I want to read my xml into a dataframe in r. My intial Datafile is 14 GB so my initial try to read the file didn't work out:
f=xmlParse("Final.xml")
df=xmlToDataFrame(f)
r=xmlRoot(f)
The problem is that it is always running out of memory....
I've also seen the question:
How to read large (~20 GB) xml file in R?

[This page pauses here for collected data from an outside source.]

(* Let $D\subsetneq\mathbb C$ be a domain and $x_0\in D$ with $\int_D k_D(x,x_0)^2dx<\infty$, and fix a Whitney decomposition $\mathcal W(D)$. There is a constant $C>0$ (depending only on $D$, $x_0$) such that the following holds: if $\gamma$ is a quasihyperbolic geodesic passing through $x_0$, $j_0\in\mathbb N$, and $\beta$ is a subpath of $\gamma$ that intersects only Whitney cubes $Q\in\mathcal W(D)$ with $j(Q)\ge j_0$, then $\mathrm{length}(\beta)\le C j_0^{-1/2}$. In particular, $D$ is bounded.
   Context: $\delta_D(x)=\mathrm{dist}(x,\partial D)$; quasihyperbolic distance $k_D(x_1,x_2)=\inf_\gamma\int_\gamma\delta_D^{-1}ds$ over rectifiable paths in $D$ joining $x_1,x_2$; a quasihyperbolic geodesic is a simple curve in $D$ (possibly on a half-open interval) along which the $\delta_D^{-1}$-length of each subpath equals the quasihyperbolic distance of its endpoints. A Whitney decomposition $\mathcal W(D)$ is a collection of closed dyadic squares ("cubes") $Q\subset D$ with disjoint interiors, union $D$, with $\sqrt2\,\ell(Q)<\mathrm{dist}(Q,\partial D)\le4\sqrt2\,\ell(Q)$ ($\ell(Q)$ the side length), and $1/4\le\ell(Q_1)/\ell(Q_2)\le4$ whenever $Q_1\cap Q_2\ne\emptyset$. For $Q\in\mathcal W(D)$, $j(Q)$ is the unique $j\in\mathbb N$ with $Q\in D_j\setminus D_{j-1}$, where $D_0=\emptyset$ and $D_j=\{Q\in\mathcal W(D):k_D(x_0,Q)\le j\}$. *)

theory Defs
  imports "HOL-Analysis.Analysis"
begin

definition bdist :: "complex set \<Rightarrow> complex \<Rightarrow> real" where
  "bdist D x = infdist x (- D)"

definition is_partition :: "real \<Rightarrow> real \<Rightarrow> (nat \<Rightarrow> real) \<Rightarrow> nat \<Rightarrow> bool" where
  "is_partition a b t n \<longleftrightarrow> t 0 = a \<and> t n = b \<and> (\<forall>i<n. t i \<le> t (Suc i))"

definition curve_length :: "(real \<Rightarrow> complex) \<Rightarrow> real \<Rightarrow> real \<Rightarrow> ereal" where
  "curve_length g a b =
     (SUP p \<in> {(t, n). is_partition a b t n}.
        ereal (\<Sum>i < snd p. cmod (g (fst p (Suc i)) - g (fst p i))))"

definition curve_length_on :: "(real \<Rightarrow> complex) \<Rightarrow> real set \<Rightarrow> ereal" where
  "curve_length_on g J = (SUP p \<in> {(s, t). s \<in> J \<and> t \<in> J \<and> s \<le> t}. curve_length g (fst p) (snd p))"

(* quasihyperbolic (delta_D^{-1}-)length of g on [a,b]:
   integral of 1/delta_D with respect to arc length, realised as the supremum of
   lower Riemann-Stieltjes sums *)
definition qh_length :: "complex set \<Rightarrow> (real \<Rightarrow> complex) \<Rightarrow> real \<Rightarrow> real \<Rightarrow> ereal" where
  "qh_length D g a b =
     (SUP p \<in> {(t, n). is_partition a b t n}.
        ereal (\<Sum>i < snd p. (INF s \<in> {fst p i .. fst p (Suc i)}. 1 / bdist D (g s))
                             * cmod (g (fst p (Suc i)) - g (fst p i))))"

definition qhdist :: "complex set \<Rightarrow> complex \<Rightarrow> complex \<Rightarrow> real" where
  "qhdist D x y = real_of_ereal
     (INF g \<in> {g. path g \<and> path_image g \<subseteq> D \<and> pathstart g = x \<and> pathfinish g = y
                  \<and> curve_length g 0 1 < \<infinity>}. qh_length D g 0 1)"

definition qhdist_set :: "complex set \<Rightarrow> complex \<Rightarrow> complex set \<Rightarrow> real" where
  "qhdist_set D x0 Q = (INF x \<in> Q. qhdist D x0 x)"

definition qh_geodesic :: "complex set \<Rightarrow> (real \<Rightarrow> complex) \<Rightarrow> real set \<Rightarrow> bool" where
  "qh_geodesic D g I \<longleftrightarrow>
     continuous_on I g \<and> inj_on g I \<and> g ` I \<subseteq> D \<and>
     (\<forall>s\<in>I. \<forall>t\<in>I. s \<le> t \<longrightarrow> qh_length D g s t = ereal (qhdist D (g s) (g t)))"

definition dyadic_sq :: "int \<Rightarrow> int \<Rightarrow> int \<Rightarrow> complex set" where
  "dyadic_sq k m n = {z. m * 2 powi k \<le> Re z \<and> Re z \<le> (m + 1) * 2 powi k \<and>
                         n * 2 powi k \<le> Im z \<and> Im z \<le> (n + 1) * 2 powi k}"

definition is_dyadic_sq :: "complex set \<Rightarrow> bool" where
  "is_dyadic_sq Q \<longleftrightarrow> (\<exists>k m n. Q = dyadic_sq k m n)"

definition side :: "complex set \<Rightarrow> real" where
  "side Q = (THE l. \<exists>k m n. Q = dyadic_sq k m n \<and> l = 2 powi k)"

definition whitney :: "complex set \<Rightarrow> complex set set \<Rightarrow> bool" where
  "whitney D W \<longleftrightarrow>
     (\<forall>Q\<in>W. is_dyadic_sq Q \<and> Q \<subseteq> D) \<and>
     (\<forall>Q1\<in>W. \<forall>Q2\<in>W. Q1 \<noteq> Q2 \<longrightarrow> interior Q1 \<inter> interior Q2 = {}) \<and>
     \<Union>W = D \<and>
     (\<forall>Q\<in>W. sqrt 2 * side Q < setdist Q (frontier D) \<and>
              setdist Q (frontier D) \<le> 4 * sqrt 2 * side Q) \<and>
     (\<forall>Q1\<in>W. \<forall>Q2\<in>W. Q1 \<inter> Q2 \<noteq> {} \<longrightarrow>
        1/4 \<le> side Q1 / side Q2 \<and> side Q1 / side Q2 \<le> 4)"

definition Dlayer :: "complex set \<Rightarrow> complex set set \<Rightarrow> complex \<Rightarrow> nat \<Rightarrow> complex set set" where
  "Dlayer D W x0 j = (if j = 0 then {} else {Q \<in> W. qhdist_set D x0 Q \<le> real j})"

definition jidx :: "complex set \<Rightarrow> complex set set \<Rightarrow> complex \<Rightarrow> complex set \<Rightarrow> nat" where
  "jidx D W x0 Q = (THE j. j \<ge> 1 \<and> Q \<in> Dlayer D W x0 j - Dlayer D W x0 (j - 1))"

end

(*
  Subdivide a subarc of the geodesic finely, with pieces of \<delta>\<^sub>D\<^sup>-\<^sup>1-length L\<^sub>i starting at points
  z\<^sub>i of distance \<delta>\<^sub>i to the boundary, and let U\<^sub>i be the \<delta>\<^sub>D\<^sup>-\<^sup>1-length of the arc from x\<^sub>0 to z\<^sub>i.
  The Euclidean length is at most \<Sum> 2 \<delta>\<^sub>i L\<^sub>i, and by AM-GM, for any \<lambda> > 0,
    \<Sum> 2 \<delta>\<^sub>i L\<^sub>i \<le> \<lambda> \<Sum> L\<^sub>i (U\<^sub>i + 1)\<^sup>2 \<delta>\<^sub>i\<^sup>2 + \<lambda>\<^sup>-\<^sup>1 \<Sum> L\<^sub>i / (U\<^sub>i + 1)\<^sup>2.
  The second sum telescopes to O(1/j\<^sub>0), since the arc starts at quasihyperbolic distance
  at least j\<^sub>0 - 1 from x\<^sub>0. For the first, the balls B(z\<^sub>i, \<delta>\<^sub>i/2) overlap boundedly (a geodesic
  cannot spend much \<delta>\<^sub>D\<^sup>-\<^sup>1-length between two points close to the same w), and on them
  U\<^sub>i \<le> k\<^sub>D(w, x\<^sub>0) + 2; so the sum is bounded by the integral of (k\<^sub>D(w, x\<^sub>0) + 3)\<^sup>2, which
  is finite by hypothesis. Taking \<lambda> = j\<^sub>0\<^sup>-\<^sup>1\<^sup>/\<^sup>2 gives the bound C j\<^sub>0\<^sup>-\<^sup>1\<^sup>/\<^sup>2. Applied with j\<^sub>0 = 1
  to almost minimising paths from x\<^sub>0, the same estimate bounds every |z - x\<^sub>0|, z \<in> D.
*)
theory Submission
  imports Defs
begin

section \<open>Weighted length of a curve\<close>

definition lower_term :: "(complex \<Rightarrow> real) \<Rightarrow> (real \<Rightarrow> complex) \<Rightarrow> (nat \<Rightarrow> real) \<Rightarrow> nat \<Rightarrow> real" where
  "lower_term w g t i = (INF s \<in> {t i .. t (Suc i)}. w (g s)) * cmod (g (t (Suc i)) - g (t i))"

definition lower_sum :: "(complex \<Rightarrow> real) \<Rightarrow> (real \<Rightarrow> complex) \<Rightarrow> (nat \<Rightarrow> real) \<Rightarrow> nat \<Rightarrow> real" where
  "lower_sum w g t n = (\<Sum>i<n. lower_term w g t i)"

definition wlength :: "(complex \<Rightarrow> real) \<Rightarrow> (real \<Rightarrow> complex) \<Rightarrow> real \<Rightarrow> real \<Rightarrow> ereal" where
  "wlength w g a b = (SUP p \<in> {(t, n). is_partition a b t n}. ereal (lower_sum w g (fst p) (snd p)))"

lemma qh_length_eq_wlength: "qh_length D g a b = wlength (\<lambda>z. 1 / bdist D z) g a b"
  unfolding qh_length_def wlength_def lower_sum_def lower_term_def by simp

lemma partition_mono: "is_partition a b t n \<Longrightarrow> i \<le> j \<Longrightarrow> j \<le> n \<Longrightarrow> t i \<le> t j"
proof (induction j)
  case 0 then show ?case by simp
next
  case (Suc j)
  show ?case
  proof (cases "i = Suc j")
    case True then show ?thesis by simp
  next
    case False
    then have "t i \<le> t j" using Suc by auto
    also have "t j \<le> t (Suc j)" using Suc.prems unfolding is_partition_def by auto
    finally show ?thesis .
  qed
qed

lemma partition_range: "is_partition a b t n \<Longrightarrow> i \<le> n \<Longrightarrow> a \<le> t i \<and> t i \<le> b"
  using partition_mono[of a b t n 0 i] partition_mono[of a b t n i n]
  unfolding is_partition_def by auto

lemma curve_length_eq_wlength: "curve_length g a b = wlength (\<lambda>z. 1) g a b"
  unfolding curve_length_def wlength_def lower_sum_def lower_term_def
proof (rule SUP_cong)
  fix p assume "p \<in> {(t, n). is_partition a b t n}"
  then have P: "is_partition a b (fst p) (snd p)" by auto
  have "(INF s\<in>{fst p i..fst p (Suc i)}. 1::real) = 1" if "i < snd p" for i
  proof -
    have "fst p i \<le> fst p (Suc i)" using P that unfolding is_partition_def by auto
    then have "{fst p i..fst p (Suc i)} \<noteq> {}" by auto
    then show ?thesis by simp
  qed
  then show "ereal (\<Sum>i<snd p. cmod (g (fst p (Suc i)) - g (fst p i))) =
    ereal (\<Sum>i<snd p. (INF s\<in>{fst p i..fst p (Suc i)}. 1) * cmod (g (fst p (Suc i)) - g (fst p i)))"
    by simp
qed simp

lemma wlength_upper: "is_partition a b t n \<Longrightarrow> ereal (lower_sum w g t n) \<le> wlength w g a b"
  unfolding wlength_def by (rule SUP_upper2[where i="(t,n)"]) auto

lemma wlength_least: "(\<And>t n. is_partition a b t n \<Longrightarrow> ereal (lower_sum w g t n) \<le> Y) \<Longrightarrow> wlength w g a b \<le> Y"
  unfolding wlength_def by (rule SUP_least) auto

lemma lower_term_nonneg:
  assumes "\<And>z. 0 \<le> w z" "t i \<le> t (Suc i)"
  shows "0 \<le> lower_term w g t i"
  unfolding lower_term_def using assms by (auto intro!: cINF_greatest mult_nonneg_nonneg)

lemma lower_sum_nonneg:
  assumes "\<And>z. 0 \<le> w z" "is_partition a b t n"
  shows "0 \<le> lower_sum w g t n"
  unfolding lower_sum_def using assms by (auto intro!: sum_nonneg lower_term_nonneg simp: is_partition_def)

lemma is_partition_trivial: "a \<le> b \<Longrightarrow> is_partition a b (\<lambda>i. if i = 0 then a else b) 1"
  unfolding is_partition_def by auto

lemma wlength_nonneg:
  assumes "\<And>z. 0 \<le> w z" "a \<le> b"
  shows "0 \<le> wlength w g a b"
proof -
  have "ereal (lower_sum w g (\<lambda>i. if i = 0 then a else b) 1) \<le> wlength w g a b"
    using wlength_upper is_partition_trivial assms by blast
  moreover have "0 \<le> lower_sum w g (\<lambda>i. if i = 0 then a else b) 1"
    using lower_sum_nonneg assms is_partition_trivial by blast
  ultimately show ?thesis by (meson ereal_less_eq(5) order_trans)
qed

lemma wlength_ge_chord:
  assumes "\<And>z. 0 \<le> w z" "a \<le> b"
  shows "ereal ((INF s\<in>{a..b}. w (g s)) * cmod (g b - g a)) \<le> wlength w g a b"
proof -
  have "ereal (lower_sum w g (\<lambda>i. if i = 0 then a else b) 1) \<le> wlength w g a b"
    using wlength_upper is_partition_trivial assms by blast
  then show ?thesis by (simp add: lower_sum_def lower_term_def)
qed

lemma lower_sum_Suc: "lower_sum w g t (Suc n) = lower_sum w g t n + lower_term w g t n"
  unfolding lower_sum_def by simp

lemma lower_sum_cong: "(\<And>i. i \<le> n \<Longrightarrow> t i = t' i) \<Longrightarrow> lower_sum w g t n = lower_sum w g t' n"
  unfolding lower_sum_def lower_term_def by (intro sum.cong) auto
(* Let $n\ge 2$, $0\le m\le n$ and $k$ generic. Among linear combinations of the currents $A_j$, $Q_\pm$, $Y$ (i.e. dimension-one fields of zero momentum in $\mathcal{V}_\xi$), those commuting with all screenings of the $n[m]$ realization form a one-dimensional space, spanned by $$\mathcal{H}^{(k)}_{n[m]}(z)=\ell_n(k)Y(z)+\sum_{i=1}^{n-m-1}\frac{n-i-m}{n}A_i(z)+\frac{n-m}{n}Q_+(z)-\sum_{i=-m+1}^{-1}\frac{m+i}{n}A_i(z)-\frac{m}{n}Q_-(z),$$ which satisfies $\mathcal{H}^{(k)}_{n[m]}(z)\mathcal{H}^{(k)}_{n[m]}(w)\sim \ell_n(k)(z-w)^{-2}$, where $\ell_n(k)=\frac{n-1}{n}k+n-2$.
   Context: Setup. Fix integers $n\ge 2$ and $0\le m\le n$, a generic complex number $k$ (in particular $k\neq -n$), and put $K=k+n$. Let $\varphi=(\varphi_1,\dots,\varphi_{n+1})$ be free scalar fields with OPE $\partial\varphi_i(z)\partial\varphi_j(w)\sim\delta_{ij}(z-w)^{-2}$, and let $(\,,\,)$ be the standard symmetric bilinear form on $\mathbb{C}^{n+1}$. Choose vectors $a_i$ ($1\le i\le n-m-1$), $a_{-i}$ ($1\le i\le m-1$), $\psi_+$ (present iff $m\le n-1$), $\psi_-$ (present iff $m\ge 1$), and $\xi$ in $\mathbb{C}^{n+1}$ whose nonzero pairwise products are: $(a_j,a_j)=2K$ for every $a_j$ present; $(a_i,a_{i+1})=-K$ for $1\le i\le n-m-2$; $(a_{-i},a_{-i-1})=-K$ for $1\le i\le m-2$; $(a_1,\psi_+)=-K$; $(a_{-1},\psi_-)=-K$; $(\psi_\pm,\psi_\pm)=1$; $(\psi_+,\psi_-)=K-1$; $(\psi_+,\xi)=1$; $(\psi_-,\xi)=-1$; all other products (including $(\xi,\xi)$ and $(a_j,\xi)$) vanish. Define currents $A_j=(a_j,\partial\varphi)$, $Q_\pm=(\psi_\pm,\partial\varphi)$, $Y=(\xi,\partial\varphi)$ and the field $\Xi=(\xi,\varphi)$. The screening operators are $E_j=\oint e^{(a_j,\varphi)}$ for each $a_j$ present and $\Psi_\pm=\oint e^{(\psi_\pm,\varphi)}$ for each $\psi_\pm$ present. Let $\mathcal{V}_\xi$ be the space of fields $:P(\partial\varphi)e^{p\Xi}:$, $p\in\mathbb{Z}$, with $P$ a normal-ordered differential polynomial in the components of $\partial\varphi$. A field $X(w)$ commutes with a screening $\oint s(z)\,dz$ if the residue at $z=w$ of the OPE $s(z)X(w)$ vanishes. Terms involving absent vectors (e.g. $Q_-$ when $m=0$) are omitted. *)

theory Defs
  imports "HOL-Analysis.Analysis"
begin

text \<open>Labels of the vectors of the n[m] realization:
  VA j for a_j (j a nonzero integer), VPp for psi_plus, VPm for psi_minus, VXi for xi.\<close>
datatype vlabel = VA int | VPp | VPm | VXi

definition present :: "nat \<Rightarrow> nat \<Rightarrow> vlabel set" where
  "present n m =
     VA ` {1 .. int n - int m - 1} \<union> VA ` {- int m + 1 .. -1}
     \<union> (if m < n then {VPp} else {})
     \<union> (if 1 \<le> m then {VPm} else {}) \<union> {VXi}"

definition screening_labels :: "nat \<Rightarrow> nat \<Rightarrow> vlabel set" where
  "screening_labels n m = present n m - {VXi}"

text \<open>Prescribed Gram matrix (with K = k + n); entries not listed vanish.\<close>
fun gram :: "complex \<Rightarrow> vlabel \<Rightarrow> vlabel \<Rightarrow> complex" where
  "gram K (VA i) (VA j) =
     (if i = j then 2 * K
      else if 1 \<le> i \<and> 1 \<le> j \<and> (j = i + 1 \<or> i = j + 1) then - K
      else if i \<le> -1 \<and> j \<le> -1 \<and> (j = i - 1 \<or> i = j - 1) then - K
      else 0)"
| "gram K (VA i) VPp = (if i = 1 then - K else 0)"
| "gram K VPp (VA i) = (if i = 1 then - K else 0)"
| "gram K (VA i) VPm = (if i = -1 then - K else 0)"
| "gram K VPm (VA i) = (if i = -1 then - K else 0)"
| "gram K (VA i) VXi = 0"
| "gram K VXi (VA i) = 0"
| "gram K VPp VPp = 1"
| "gram K VPm VPm = 1"
| "gram K VPp VPm = K - 1"
| "gram K VPm VPp = K - 1"
| "gram K VPp VXi = 1"
| "gram K VXi VPp = 1"
| "gram K VPm VXi = -1"
| "gram K VXi VPm = -1"
| "gram K VXi VXi = 0"

definition bil :: "complex ^ 'd \<Rightarrow> complex ^ 'd \<Rightarrow> complex" where
  "bil x y = (\<Sum>i\<in>UNIV. x $ i * y $ i)"

text \<open>The current (v, d phi) commutes with the screening oint exp((s, phi)):
  the OPE exp((s,phi))(z) (v,d phi)(w) ~ -(s,v) exp((s,phi))(w) / (z - w),
  so the residue vanishes iff (s, v) = 0.\<close>
definition commutes_screening :: "complex ^ 'd \<Rightarrow> complex ^ 'd \<Rightarrow> bool" where
  "commutes_screening s v \<longleftrightarrow> bil s v = 0"

text \<open>Vectors v such that the field (v, d phi) is a linear combination of the
  currents A_j, Q_+-, Y of the realization.\<close>
definition currents_span :: "nat \<Rightarrow> nat \<Rightarrow> (vlabel \<Rightarrow> complex ^ 'd) \<Rightarrow> (complex ^ 'd) set" where
  "currents_span n m V = {v. \<exists>c. v = (\<Sum>x\<in>present n m. c x *s V x)}"
text \<open>Diagonal dominance with margin \<open>\<epsilon>\<close> bounds the Hermitian form of a real symmetric matrix
  from below: each off-diagonal product is split by AM-GM and redistributed by symmetry.\<close>

lemma herm_form_diag_dominant:
  assumes A: "A \<in> carrier_mat n n" and sym: "\<And>i j. i < n \<Longrightarrow> j < n \<Longrightarrow> A $$ (i,j) = A $$ (j,i)"
    and dom: "\<And>i. i < n \<Longrightarrow> A $$ (i,i) - (\<Sum>j<n. if j = i then 0 else \<bar>A $$ (i,j)\<bar>) \<ge> \<epsilon>"
    and x: "x \<in> carrier_vec n"
  shows "Re (herm_form (cmat A) x) \<ge> \<epsilon> * sq_norm x"
proof -
  define a where "a i = (cmod (x $ i))\<^sup>2" for i
  define s where "s i j = (if j = i then 0 else \<bar>A $$ (i,j)\<bar>)" for i j
  have term_bound: "A $$ (i,j) * Re (cnj (x $ i) * x $ j) \<ge>
      (if j = i then A $$ (i,i) * a i else 0) - s i j * (a i + a j) / 2" for i j
  proof (cases "j = i")
    case True
    have "Re (cnj (x $ i) * x $ i) = a i"
      unfolding a_def by (simp only: cmod_power2) (simp add: power2_eq_square)
    then show ?thesis using True by (simp add: s_def)
  next
    case False
    have "\<bar>A $$ (i,j) * Re (cnj (x $ i) * x $ j)\<bar> \<le> \<bar>A $$ (i,j)\<bar> * ((a i + a j) / 2)"
      unfolding abs_mult a_def by (intro mult_left_mono abs_Re_cnj_mult_le) auto
    then show ?thesis using False by (simp add: s_def abs_le_iff)
  qed
  have s_swap: "(\<Sum>i<n. \<Sum>j<n. s i j * a j) = (\<Sum>i<n. \<Sum>j<n. s i j * a i)"
    by (subst sum.swap) (intro sum.cong refl, simp add: s_def sym)
  have "\<epsilon> * sq_norm x = (\<Sum>i<n. \<epsilon> * a i)"
    using x by (simp add: sq_norm_def a_def sum_distrib_left)
  also have "\<dots> \<le> (\<Sum>i<n. (A $$ (i,i) - (\<Sum>j<n. s i j)) * a i)"
    using dom by (intro sum_mono mult_right_mono) (auto simp: s_def a_def)
  also have "\<dots> = (\<Sum>i<n. A $$ (i,i) * a i) - (\<Sum>i<n. \<Sum>j<n. s i j * a i) / 2
      - (\<Sum>i<n. \<Sum>j<n. s i j * a i) / 2"
    by (simp add: sum_subtractf sum_distrib_left sum_distrib_right algebra_simps)
  also have "\<dots> = (\<Sum>i<n. A $$ (i,i) * a i) - (\<Sum>i<n. \<Sum>j<n. s i j * a i) / 2
      - (\<Sum>i<n. \<Sum>j<n. s i j * a j) / 2"
    by (simp only: s_swap)
  also have "\<dots> = (\<Sum>i<n. \<Sum>j<n. (if j = i then A $$ (i,i) * a i else 0) - s i j * (a i + a j) / 2)"
    by (simp add: sum_subtractf sum.distrib sum_divide_distrib sum_distrib_left algebra_simps add_divide_distrib)
  also have "\<dots> \<le> (\<Sum>i<n. \<Sum>j<n. A $$ (i,j) * Re (cnj (x $ i) * x $ j))"
    by (intro sum_mono term_bound)
  also have "\<dots> = Re (herm_form (cmat A) x)"
    unfolding herm_form_cmat[OF A x] by simp
  finally show ?thesis .
qed

lemma diag_dominant_eigenvalue:
  assumes A: "A \<in> carrier_mat n n" and sym: "\<And>i j. i < n \<Longrightarrow> j < n \<Longrightarrow> A $$ (i,j) = A $$ (j,i)"
    and dom: "\<And>i. i < n \<Longrightarrow> A $$ (i,i) - (\<Sum>j<n. if j = i then 0 else \<bar>A $$ (i,j)\<bar>) \<ge> \<epsilon>"
    and p: "eigenvalue (cmat A) p"
  shows "Im p = 0" and "Re p \<ge> \<epsilon>"
proof -
  obtain x where x: "x \<in> carrier_vec n" "x \<noteq> 0\<^sub>v n" "cmat A *\<^sub>v x = p \<cdot>\<^sub>v x"
    using p A unfolding eigenvalue_def eigenvector_def by auto
  have hf: "herm_form (cmat A) x = p * of_real (sq_norm x)"
    by (rule herm_form_eigenvector[OF x(3)])
  have pos: "sq_norm x > 0" by (rule sq_norm_pos[OF x(1,2)])
  show "Im p = 0"
    using herm_form_symmetric_real[OF A sym x(1)] pos unfolding hf by simp
  show "Re p \<ge> \<epsilon>"
    using herm_form_diag_dominant[OF A sym dom x(1)] pos unfolding hf by simp
qed

lemma det_tendsto:
  fixes M :: "'b \<Rightarrow> complex mat"
  assumes M: "\<And>x. M x \<in> carrier_mat n n" and M0: "M0 \<in> carrier_mat n n"
    and lim: "\<And>i j. i < n \<Longrightarrow> j < n \<Longrightarrow> ((\<lambda>x. M x $$ (i,j)) \<longlongrightarrow> M0 $$ (i,j)) F"
  shows "((\<lambda>x. det (M x)) \<longlongrightarrow> det M0) F"
proof -
  have "(\<lambda>x. det (M x)) = (\<lambda>x. \<Sum>p\<in>{p. p permutes {0..<n}}. signof p * (\<Prod>i = 0..<n. M x $$ (i, p i)))"
    using det_def'[OF M] by auto
  moreover have "((\<lambda>x. \<Sum>p\<in>{p. p permutes {0..<n}}. signof p * (\<Prod>i = 0..<n. M x $$ (i, p i)))
      \<longlongrightarrow> det M0) F"
    unfolding det_def'[OF M0]
  proof (intro tendsto_sum tendsto_mult tendsto_const tendsto_prod)
    fix p i assume "p \<in> {p. p permutes {0..<n}}" and i: "i \<in> {0..<n}"
    then have "p i < n" using permutes_in_image[of p "{0..<n}" i] by auto
    then show "((\<lambda>x. M x $$ (i, p i)) \<longlongrightarrow> M0 $$ (i, p i)) F" using lim i by auto
  qed
  ultimately show ?thesis by simp
qed

lemma prod_linear_factors_lower_bound:
  assumes "\<forall>a\<in>set as. Re a \<le> 0" and "Re z \<ge> 0"
  shows "cmod (poly (\<Prod>a\<leftarrow>as. [:- a, 1:]) z) \<ge> Re z ^ length as"
  using assms(1)
proof (induct as)
  case (Cons a as)
  have "Re z \<le> cmod (z - a)"
    using Cons.prems abs_Re_le_cmod[of "z - a"] by (simp, linarith)
  then have "Re z * Re z ^ length as \<le> cmod (z - a) * cmod (poly (\<Prod>a\<leftarrow>as. [:- a, 1:]) z)"
    using Cons assms(2) by (intro mult_mono) auto
  then show ?case by (simp add: norm_mult[symmetric] left_diff_distrib)
qed simp

text \<open>Determinant of a companion-type block matrix; transposing puts the commuting block \<open>-I\<close>
  into the position required by the Schur-complement formula.\<close>

lemma det_companion_block:
  fixes K D :: "'a :: idom mat"
  assumes K: "K \<in> carrier_mat n n" and D: "D \<in> carrier_mat n n"
  shows "det (four_block_mat (z \<cdot>\<^sub>m 1\<^sub>m n) (- 1\<^sub>m n) (- K) D) = det (z \<cdot>\<^sub>m D - K)"
proof -
  let ?M = "four_block_mat (z \<cdot>\<^sub>m 1\<^sub>m n) (- 1\<^sub>m n) (- K) D"
  have "det ?M = det (transpose_mat ?M)"
    using K D by (intro det_transpose[symmetric, of _ "n + n"]) auto
  also have "transpose_mat ?M = four_block_mat (z \<cdot>\<^sub>m 1\<^sub>m n) (- transpose_mat K) (- 1\<^sub>m n) (transpose_mat D)"
    using K D by (subst transpose_four_block_mat) auto
  also have "det \<dots> = det ((z \<cdot>\<^sub>m 1\<^sub>m n) * transpose_mat D - (- transpose_mat K) * (- 1\<^sub>m n))"
    using K D by (intro det_four_block_mat) auto
  also have "(z \<cdot>\<^sub>m 1\<^sub>m n) * transpose_mat D - (- transpose_mat K) * (- 1\<^sub>m n) = transpose_mat (z \<cdot>\<^sub>m D - K)"
    using K D by (intro eq_matI) auto
  also have "det \<dots> = det (z \<cdot>\<^sub>m D - K)"
    using K D by (intro det_transpose) auto
  finally show ?thesis .
qed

I tried to use the approach from Martin Morgan, which i didn't 100% understood but tried to apply to my dataset.
libary(XML)
branchFunction <- function() {
store <- new.env()
func <- function(x, ...) {
ns <- getNodeSet(x, path = "//Sentiment")
value <- xmlValue(ns[[1]])
print(value)
# if storing something ...
# store[[some_key]] <- some_value
}
getStore <- function() { as.List(store) }
list(ROW = func, getStore=getStore)
}
myfunctions <- branchFunction()
xmlEventParse(
file = "Inputfile.xml",
handlers = NULL,
branches = myfunctions
))
myfunctions$getStore()
I would have to do that for every Column separately and the structure i'm getting from the ouptput is not useful.
The Structure from my Data looks like:
<ROWSET>
<ROW>
<Field1>21706</Field1>
<PostId>19203</PostId>
<ThreadId>38</ThreadId>
<UserId>1397</UserId>
<TimeStamp>1407351854</TimeStamp>
<Upvotes>0</Upvotes>
<Downvotes>0</Downvotes>
<Flagged>f</Flagged>
<Approved>t</Approved>
<Deleted>f</Deleted>
<Replies>0</Replies>
<ReplyTo>egergeg</ReplyTo>
<Content>dsfg</Content>
<Sentiment>Neutral</Sentiment>
</ROW>
<ROW>
<Field1>217</Field1>
<PostId>1903</PostId>
<ThreadId>8</ThreadId>
<UserId>197</UserId>
<TimeStamp>1407351854</TimeStamp>
<Upvotes>0</Upvotes>
<Downvotes>0</Downvotes>
<Flagged>f</Flagged>
<Approved>t</Approved>
<Deleted>f</Deleted>
<Replies>0</Replies>
<ReplyTo>sdrwer</ReplyTo>
<Content>wer</Content>
<Sentiment>Neutral</Sentiment>
</ROW>
<ROW>
<Field1>21306</Field1>
<PostId>19103</PostId>
<ThreadId>78</ThreadId>
<UserId>13497</UserId>
<TimeStamp>1407321854</TimeStamp>
<Upvotes>0</Upvotes>
<Downvotes>0</Downvotes>
<Flagged>f</Flagged>
<Approved>t</Approved>
<Deleted>f</Deleted>
<Replies>0</Replies>
<ReplyTo>tzjtj</ReplyTo>
<Content>rtgr</Content>
<Sentiment>Neutral</Sentiment>
</ROW>
</ROWSET>